(Records shown begins)

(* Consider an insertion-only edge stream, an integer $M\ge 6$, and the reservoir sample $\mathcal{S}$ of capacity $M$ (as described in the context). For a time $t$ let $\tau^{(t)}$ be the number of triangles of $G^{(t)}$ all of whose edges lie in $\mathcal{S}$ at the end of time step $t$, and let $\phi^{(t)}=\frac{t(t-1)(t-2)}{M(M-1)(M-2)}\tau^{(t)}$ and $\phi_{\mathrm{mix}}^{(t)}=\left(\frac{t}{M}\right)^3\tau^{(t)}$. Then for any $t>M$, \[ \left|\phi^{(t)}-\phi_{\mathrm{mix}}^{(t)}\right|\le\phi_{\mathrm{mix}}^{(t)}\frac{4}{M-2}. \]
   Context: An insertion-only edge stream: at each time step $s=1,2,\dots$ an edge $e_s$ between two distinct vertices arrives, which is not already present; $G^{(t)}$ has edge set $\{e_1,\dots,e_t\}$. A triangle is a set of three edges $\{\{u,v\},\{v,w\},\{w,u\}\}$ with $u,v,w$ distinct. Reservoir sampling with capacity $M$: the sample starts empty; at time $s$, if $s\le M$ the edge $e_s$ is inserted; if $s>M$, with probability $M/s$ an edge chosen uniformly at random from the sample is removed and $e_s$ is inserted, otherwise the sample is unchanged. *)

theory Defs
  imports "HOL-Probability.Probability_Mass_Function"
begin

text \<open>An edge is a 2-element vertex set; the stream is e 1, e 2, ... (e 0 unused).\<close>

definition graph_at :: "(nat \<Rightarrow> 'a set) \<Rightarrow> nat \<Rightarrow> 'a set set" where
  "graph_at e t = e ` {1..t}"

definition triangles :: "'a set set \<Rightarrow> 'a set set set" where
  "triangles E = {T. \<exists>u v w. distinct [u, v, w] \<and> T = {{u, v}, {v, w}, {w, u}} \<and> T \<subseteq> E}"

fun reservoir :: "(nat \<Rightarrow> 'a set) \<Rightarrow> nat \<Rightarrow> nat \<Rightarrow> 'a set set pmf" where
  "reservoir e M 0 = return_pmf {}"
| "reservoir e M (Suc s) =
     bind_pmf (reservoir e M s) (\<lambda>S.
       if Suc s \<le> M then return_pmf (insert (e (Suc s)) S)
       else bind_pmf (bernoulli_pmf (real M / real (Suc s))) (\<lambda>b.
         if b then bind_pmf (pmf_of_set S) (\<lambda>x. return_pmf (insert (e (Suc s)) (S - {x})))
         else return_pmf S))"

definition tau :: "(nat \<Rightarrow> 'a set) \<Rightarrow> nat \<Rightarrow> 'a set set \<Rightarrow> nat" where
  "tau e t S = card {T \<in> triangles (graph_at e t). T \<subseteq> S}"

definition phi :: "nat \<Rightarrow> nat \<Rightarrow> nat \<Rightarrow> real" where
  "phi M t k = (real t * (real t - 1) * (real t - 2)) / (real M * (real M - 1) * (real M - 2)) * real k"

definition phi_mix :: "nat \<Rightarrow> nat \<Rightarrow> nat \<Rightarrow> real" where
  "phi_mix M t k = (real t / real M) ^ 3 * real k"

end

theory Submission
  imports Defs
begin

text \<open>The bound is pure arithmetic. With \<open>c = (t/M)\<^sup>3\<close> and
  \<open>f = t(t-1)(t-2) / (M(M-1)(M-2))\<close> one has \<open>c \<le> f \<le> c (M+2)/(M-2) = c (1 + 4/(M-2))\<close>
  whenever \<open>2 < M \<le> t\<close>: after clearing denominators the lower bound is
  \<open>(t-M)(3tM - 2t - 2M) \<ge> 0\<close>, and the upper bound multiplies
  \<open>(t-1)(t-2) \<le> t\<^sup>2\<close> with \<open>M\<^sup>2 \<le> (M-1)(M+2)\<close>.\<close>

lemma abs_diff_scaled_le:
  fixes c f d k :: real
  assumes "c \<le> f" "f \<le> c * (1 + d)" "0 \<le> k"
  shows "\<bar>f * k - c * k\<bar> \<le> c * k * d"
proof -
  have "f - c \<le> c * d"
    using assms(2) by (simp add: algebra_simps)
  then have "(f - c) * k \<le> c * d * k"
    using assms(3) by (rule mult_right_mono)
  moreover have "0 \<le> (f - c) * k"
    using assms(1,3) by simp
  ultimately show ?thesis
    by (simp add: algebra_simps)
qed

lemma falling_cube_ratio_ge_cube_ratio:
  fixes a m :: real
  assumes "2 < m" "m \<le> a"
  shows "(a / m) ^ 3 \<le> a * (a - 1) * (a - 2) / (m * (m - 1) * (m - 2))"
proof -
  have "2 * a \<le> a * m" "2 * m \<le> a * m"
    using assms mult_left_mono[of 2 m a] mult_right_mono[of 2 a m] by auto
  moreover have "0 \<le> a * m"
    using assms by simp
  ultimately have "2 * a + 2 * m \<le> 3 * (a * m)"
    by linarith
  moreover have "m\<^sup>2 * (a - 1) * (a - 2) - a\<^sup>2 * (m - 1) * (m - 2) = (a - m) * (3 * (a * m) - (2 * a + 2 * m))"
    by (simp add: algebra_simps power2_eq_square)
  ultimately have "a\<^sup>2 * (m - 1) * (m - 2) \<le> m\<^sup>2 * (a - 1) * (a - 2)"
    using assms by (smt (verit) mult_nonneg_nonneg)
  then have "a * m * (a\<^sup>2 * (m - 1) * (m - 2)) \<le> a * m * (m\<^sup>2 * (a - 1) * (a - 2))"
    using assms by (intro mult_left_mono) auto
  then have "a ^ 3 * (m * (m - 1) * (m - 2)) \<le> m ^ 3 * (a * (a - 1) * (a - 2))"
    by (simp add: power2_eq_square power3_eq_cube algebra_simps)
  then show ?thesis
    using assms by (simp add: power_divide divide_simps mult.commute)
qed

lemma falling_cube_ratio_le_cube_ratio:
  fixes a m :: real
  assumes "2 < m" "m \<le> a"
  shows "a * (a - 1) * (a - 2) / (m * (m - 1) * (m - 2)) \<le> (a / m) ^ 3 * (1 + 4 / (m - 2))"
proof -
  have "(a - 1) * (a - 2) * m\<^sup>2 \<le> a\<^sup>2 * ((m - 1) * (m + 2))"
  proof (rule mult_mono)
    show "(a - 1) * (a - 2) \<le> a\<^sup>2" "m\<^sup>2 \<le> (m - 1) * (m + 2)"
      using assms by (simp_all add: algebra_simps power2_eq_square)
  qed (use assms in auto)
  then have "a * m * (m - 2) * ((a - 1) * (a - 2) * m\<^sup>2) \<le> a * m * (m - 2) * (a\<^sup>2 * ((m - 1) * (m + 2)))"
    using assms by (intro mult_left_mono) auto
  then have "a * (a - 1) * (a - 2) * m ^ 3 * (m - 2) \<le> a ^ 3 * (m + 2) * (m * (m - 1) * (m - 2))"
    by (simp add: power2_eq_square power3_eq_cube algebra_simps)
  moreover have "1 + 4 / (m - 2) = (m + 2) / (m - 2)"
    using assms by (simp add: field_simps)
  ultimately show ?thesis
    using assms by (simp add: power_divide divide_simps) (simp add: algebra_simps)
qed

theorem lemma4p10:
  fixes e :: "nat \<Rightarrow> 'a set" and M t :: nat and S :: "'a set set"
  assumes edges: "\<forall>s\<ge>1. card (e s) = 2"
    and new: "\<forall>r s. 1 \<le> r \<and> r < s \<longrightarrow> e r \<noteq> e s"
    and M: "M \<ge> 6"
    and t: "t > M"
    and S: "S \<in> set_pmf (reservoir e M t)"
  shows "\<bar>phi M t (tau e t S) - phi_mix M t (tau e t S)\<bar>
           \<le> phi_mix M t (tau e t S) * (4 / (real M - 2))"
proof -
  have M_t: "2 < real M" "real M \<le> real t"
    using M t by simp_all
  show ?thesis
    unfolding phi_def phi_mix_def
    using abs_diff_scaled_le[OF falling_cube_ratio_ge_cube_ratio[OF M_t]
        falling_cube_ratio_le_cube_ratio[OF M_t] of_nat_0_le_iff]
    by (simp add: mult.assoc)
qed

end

(Records shown ends)

▸ **The problem**
Find the string "auto" in the entries above and return each line that holds it.

▸ **Task output**
    using assms mult_left_mono[of 2 m a] mult_right_mono[of 2 a m] by auto
    using assms by (intro mult_left_mono) auto
  qed (use assms in auto)
    using assms by (intro mult_left_mono) auto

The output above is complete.